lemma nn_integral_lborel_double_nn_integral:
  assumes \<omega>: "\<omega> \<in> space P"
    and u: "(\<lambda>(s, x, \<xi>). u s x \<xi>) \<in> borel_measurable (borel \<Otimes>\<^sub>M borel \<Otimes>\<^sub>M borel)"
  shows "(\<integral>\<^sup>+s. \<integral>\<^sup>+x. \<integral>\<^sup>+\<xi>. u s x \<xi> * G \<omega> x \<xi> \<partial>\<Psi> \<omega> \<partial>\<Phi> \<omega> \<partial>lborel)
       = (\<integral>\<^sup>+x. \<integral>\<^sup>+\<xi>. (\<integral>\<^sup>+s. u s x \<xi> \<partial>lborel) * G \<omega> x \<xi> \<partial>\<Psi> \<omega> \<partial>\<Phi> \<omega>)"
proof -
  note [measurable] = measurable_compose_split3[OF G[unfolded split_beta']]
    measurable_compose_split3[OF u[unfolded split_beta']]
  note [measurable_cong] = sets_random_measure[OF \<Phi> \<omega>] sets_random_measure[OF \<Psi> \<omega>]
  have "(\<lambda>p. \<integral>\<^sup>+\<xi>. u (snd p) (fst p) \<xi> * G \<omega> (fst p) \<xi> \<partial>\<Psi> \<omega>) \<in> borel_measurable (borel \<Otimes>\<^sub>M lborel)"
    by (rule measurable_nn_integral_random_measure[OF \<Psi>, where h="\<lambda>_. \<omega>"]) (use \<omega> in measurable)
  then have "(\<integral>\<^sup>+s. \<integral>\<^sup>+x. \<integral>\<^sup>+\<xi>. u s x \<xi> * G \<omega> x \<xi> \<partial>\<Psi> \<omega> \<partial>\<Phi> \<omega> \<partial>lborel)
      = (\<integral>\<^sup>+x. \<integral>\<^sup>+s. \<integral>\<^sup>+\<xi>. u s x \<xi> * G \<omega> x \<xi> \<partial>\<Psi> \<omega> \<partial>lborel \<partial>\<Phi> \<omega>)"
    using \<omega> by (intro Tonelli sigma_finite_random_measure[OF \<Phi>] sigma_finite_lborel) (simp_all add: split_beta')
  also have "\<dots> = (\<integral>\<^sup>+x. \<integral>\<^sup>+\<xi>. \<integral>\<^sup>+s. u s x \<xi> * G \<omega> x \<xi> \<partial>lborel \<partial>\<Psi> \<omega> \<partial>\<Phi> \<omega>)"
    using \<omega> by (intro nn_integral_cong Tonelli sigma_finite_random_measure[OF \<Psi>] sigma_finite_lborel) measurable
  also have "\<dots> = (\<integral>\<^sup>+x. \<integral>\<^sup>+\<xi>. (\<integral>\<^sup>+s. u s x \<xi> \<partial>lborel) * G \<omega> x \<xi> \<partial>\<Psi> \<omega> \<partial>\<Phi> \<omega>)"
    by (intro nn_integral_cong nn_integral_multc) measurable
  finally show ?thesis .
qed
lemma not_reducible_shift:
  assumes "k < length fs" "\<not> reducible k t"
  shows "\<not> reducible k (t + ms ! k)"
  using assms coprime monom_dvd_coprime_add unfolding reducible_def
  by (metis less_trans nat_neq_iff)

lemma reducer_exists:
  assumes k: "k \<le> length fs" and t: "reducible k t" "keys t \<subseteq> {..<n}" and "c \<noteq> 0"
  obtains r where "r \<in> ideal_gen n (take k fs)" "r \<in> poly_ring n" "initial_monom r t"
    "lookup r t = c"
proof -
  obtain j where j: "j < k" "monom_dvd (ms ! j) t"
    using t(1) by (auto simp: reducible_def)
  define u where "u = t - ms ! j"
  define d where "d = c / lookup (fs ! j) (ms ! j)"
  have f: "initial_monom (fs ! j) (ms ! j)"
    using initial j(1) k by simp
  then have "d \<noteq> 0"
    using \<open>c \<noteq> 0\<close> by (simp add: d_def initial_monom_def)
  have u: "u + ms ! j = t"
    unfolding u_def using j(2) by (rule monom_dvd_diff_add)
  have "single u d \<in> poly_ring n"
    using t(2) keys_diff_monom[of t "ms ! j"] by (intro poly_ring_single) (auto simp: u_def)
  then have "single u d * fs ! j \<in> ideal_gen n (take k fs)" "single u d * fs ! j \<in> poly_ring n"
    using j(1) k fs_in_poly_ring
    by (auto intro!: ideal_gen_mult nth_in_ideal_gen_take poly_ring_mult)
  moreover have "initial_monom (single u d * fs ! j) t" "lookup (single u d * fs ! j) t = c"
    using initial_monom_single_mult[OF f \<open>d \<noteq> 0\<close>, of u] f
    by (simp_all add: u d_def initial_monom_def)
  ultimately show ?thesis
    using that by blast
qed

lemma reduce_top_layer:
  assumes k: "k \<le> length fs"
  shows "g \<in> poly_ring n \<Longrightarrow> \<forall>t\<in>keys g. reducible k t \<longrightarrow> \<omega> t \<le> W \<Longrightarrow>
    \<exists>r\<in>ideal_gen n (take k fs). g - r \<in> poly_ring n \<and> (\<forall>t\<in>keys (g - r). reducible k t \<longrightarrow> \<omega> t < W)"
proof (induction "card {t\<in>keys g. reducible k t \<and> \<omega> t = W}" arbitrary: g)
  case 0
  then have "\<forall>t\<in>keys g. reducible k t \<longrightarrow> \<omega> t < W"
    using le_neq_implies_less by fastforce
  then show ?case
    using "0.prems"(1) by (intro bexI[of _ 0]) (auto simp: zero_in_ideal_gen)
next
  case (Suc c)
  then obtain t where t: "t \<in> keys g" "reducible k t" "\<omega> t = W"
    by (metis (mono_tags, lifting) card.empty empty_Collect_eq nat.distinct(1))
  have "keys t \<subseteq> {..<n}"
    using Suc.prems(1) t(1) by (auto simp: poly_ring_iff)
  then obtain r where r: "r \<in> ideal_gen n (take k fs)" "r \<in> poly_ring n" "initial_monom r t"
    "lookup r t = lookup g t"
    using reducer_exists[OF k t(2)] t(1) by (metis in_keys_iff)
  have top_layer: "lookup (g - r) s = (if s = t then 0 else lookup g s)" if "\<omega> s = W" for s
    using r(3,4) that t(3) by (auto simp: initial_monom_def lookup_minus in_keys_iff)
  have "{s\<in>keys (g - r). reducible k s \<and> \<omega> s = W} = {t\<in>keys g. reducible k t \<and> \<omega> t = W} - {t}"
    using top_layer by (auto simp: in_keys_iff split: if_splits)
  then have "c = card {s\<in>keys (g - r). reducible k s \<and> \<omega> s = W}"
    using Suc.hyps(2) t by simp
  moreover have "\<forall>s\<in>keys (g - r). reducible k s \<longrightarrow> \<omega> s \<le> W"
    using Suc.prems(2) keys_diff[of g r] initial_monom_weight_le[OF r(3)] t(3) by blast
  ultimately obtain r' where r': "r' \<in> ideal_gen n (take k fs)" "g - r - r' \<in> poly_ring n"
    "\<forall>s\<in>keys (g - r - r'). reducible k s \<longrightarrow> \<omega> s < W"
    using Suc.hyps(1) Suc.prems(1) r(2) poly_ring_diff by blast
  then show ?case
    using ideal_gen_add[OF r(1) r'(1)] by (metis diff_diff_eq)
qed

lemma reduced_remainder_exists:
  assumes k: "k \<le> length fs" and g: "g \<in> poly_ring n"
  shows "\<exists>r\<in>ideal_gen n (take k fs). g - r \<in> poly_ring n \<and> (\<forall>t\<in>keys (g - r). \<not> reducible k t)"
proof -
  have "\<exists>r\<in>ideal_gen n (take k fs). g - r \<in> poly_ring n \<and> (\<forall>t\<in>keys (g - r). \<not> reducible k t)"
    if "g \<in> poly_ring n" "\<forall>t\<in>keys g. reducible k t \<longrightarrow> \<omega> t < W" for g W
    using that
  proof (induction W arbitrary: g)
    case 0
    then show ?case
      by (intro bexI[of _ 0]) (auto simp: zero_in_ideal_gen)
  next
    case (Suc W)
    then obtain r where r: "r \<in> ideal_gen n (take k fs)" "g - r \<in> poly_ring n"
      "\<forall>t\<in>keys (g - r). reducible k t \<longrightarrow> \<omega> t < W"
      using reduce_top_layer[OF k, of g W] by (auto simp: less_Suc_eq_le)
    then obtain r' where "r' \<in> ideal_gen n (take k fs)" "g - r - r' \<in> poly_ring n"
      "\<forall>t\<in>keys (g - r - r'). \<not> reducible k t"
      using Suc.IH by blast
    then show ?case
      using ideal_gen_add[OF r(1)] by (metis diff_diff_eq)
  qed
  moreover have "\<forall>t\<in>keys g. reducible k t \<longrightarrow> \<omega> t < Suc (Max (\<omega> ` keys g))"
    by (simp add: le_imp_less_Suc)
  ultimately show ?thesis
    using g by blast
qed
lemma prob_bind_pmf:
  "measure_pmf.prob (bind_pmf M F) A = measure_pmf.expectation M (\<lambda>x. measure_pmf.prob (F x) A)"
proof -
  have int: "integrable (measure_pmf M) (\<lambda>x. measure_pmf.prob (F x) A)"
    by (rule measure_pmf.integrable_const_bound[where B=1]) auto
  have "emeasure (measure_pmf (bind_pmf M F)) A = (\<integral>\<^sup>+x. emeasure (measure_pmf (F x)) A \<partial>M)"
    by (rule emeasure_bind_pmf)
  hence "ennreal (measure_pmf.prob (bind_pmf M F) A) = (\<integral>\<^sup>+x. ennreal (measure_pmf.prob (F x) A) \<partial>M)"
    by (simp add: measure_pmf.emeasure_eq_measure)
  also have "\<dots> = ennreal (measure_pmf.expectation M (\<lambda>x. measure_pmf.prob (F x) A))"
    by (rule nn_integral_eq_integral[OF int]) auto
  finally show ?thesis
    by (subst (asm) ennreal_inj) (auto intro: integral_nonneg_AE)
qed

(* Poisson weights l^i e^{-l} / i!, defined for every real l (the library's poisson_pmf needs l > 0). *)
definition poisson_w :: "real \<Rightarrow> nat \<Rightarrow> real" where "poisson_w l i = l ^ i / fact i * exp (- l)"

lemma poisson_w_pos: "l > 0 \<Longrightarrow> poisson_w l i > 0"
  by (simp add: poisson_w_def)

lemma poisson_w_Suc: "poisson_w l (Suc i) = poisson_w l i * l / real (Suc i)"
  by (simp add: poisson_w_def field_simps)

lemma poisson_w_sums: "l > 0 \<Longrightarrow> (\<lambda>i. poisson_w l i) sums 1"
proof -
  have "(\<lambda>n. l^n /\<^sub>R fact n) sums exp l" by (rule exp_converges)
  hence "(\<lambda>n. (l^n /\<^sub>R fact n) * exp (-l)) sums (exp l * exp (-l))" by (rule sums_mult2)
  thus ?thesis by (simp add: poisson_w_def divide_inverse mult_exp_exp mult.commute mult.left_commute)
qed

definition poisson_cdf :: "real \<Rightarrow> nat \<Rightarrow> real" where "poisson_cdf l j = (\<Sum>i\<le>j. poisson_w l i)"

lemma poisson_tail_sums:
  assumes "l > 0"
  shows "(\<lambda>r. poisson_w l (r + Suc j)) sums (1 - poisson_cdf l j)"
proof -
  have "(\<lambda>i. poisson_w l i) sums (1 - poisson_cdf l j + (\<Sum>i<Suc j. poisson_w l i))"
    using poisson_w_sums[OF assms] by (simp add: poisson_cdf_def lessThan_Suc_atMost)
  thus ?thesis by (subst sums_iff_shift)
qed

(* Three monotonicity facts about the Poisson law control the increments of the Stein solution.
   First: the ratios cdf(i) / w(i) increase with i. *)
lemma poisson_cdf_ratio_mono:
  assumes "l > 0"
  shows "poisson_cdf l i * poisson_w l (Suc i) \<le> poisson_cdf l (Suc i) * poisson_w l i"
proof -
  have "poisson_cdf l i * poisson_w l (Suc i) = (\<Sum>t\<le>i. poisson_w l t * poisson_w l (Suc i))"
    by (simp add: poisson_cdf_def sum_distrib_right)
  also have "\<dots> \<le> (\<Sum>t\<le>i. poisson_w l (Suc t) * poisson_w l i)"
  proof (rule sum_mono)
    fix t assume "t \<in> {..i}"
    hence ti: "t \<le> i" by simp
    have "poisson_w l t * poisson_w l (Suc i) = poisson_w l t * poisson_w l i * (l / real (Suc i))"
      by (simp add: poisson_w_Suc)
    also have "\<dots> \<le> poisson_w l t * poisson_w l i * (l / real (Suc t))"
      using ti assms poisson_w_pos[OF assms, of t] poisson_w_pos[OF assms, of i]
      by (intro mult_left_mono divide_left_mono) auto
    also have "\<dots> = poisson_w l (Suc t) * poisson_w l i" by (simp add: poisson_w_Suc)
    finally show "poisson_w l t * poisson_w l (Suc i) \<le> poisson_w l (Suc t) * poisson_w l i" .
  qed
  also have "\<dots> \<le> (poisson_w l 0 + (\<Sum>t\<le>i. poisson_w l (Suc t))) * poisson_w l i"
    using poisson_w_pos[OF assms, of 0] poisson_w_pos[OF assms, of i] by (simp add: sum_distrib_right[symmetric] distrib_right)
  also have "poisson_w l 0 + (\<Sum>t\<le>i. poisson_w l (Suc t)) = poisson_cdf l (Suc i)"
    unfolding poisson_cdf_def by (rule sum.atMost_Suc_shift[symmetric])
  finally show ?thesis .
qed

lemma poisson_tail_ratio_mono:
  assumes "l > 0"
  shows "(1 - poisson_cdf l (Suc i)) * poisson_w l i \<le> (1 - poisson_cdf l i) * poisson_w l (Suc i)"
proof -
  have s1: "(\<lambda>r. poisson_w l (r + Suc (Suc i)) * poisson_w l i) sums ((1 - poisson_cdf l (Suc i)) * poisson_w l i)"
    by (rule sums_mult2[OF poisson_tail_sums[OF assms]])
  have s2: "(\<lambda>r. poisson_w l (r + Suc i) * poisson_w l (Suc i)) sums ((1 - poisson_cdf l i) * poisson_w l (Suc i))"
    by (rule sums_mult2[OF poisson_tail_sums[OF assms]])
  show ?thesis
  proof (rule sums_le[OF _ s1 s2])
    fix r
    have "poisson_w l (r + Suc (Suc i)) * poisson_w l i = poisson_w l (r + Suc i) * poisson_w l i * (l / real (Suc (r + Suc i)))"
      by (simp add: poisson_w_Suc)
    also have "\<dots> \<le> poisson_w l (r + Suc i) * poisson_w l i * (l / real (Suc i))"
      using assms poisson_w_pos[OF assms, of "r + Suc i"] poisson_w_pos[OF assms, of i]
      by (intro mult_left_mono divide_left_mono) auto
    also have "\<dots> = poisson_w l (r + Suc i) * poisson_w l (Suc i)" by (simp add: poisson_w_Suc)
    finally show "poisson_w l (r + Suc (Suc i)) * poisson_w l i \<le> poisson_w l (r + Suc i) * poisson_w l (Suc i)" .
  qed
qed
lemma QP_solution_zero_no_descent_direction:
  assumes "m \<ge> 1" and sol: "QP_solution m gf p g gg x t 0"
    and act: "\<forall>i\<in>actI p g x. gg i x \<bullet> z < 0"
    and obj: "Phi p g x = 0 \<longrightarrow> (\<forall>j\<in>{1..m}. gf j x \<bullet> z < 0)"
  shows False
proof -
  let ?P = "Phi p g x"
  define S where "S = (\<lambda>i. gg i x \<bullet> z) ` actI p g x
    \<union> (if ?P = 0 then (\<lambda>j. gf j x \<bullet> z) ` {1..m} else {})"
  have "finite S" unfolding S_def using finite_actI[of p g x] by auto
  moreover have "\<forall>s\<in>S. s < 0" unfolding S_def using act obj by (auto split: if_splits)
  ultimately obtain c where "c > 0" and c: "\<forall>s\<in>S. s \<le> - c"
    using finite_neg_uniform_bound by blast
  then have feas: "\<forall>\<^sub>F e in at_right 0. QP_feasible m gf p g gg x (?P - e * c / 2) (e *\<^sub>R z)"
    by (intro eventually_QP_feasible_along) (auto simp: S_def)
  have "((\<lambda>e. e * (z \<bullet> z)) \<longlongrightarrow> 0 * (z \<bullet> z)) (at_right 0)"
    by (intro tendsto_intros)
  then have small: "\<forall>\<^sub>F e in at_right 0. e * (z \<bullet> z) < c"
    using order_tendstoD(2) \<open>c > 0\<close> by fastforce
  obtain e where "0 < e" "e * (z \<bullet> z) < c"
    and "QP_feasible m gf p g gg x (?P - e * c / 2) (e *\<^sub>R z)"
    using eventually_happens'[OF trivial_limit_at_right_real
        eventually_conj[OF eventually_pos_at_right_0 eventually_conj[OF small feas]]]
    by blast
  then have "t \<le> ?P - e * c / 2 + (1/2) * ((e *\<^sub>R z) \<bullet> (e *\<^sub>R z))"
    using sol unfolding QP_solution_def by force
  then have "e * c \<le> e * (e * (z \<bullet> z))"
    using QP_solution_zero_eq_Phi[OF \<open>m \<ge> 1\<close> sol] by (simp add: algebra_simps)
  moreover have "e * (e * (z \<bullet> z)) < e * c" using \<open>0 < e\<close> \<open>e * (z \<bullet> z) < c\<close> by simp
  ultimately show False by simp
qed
--
* **The problem**
Scan the material for the word "small". Return every line where it is found.

* **Task output**
  then have small: "\<forall>\<^sub>F e in at_right 0. e * (z \<bullet> z) < c"
        eventually_conj[OF eventually_pos_at_right_0 eventually_conj[OF small feas]]]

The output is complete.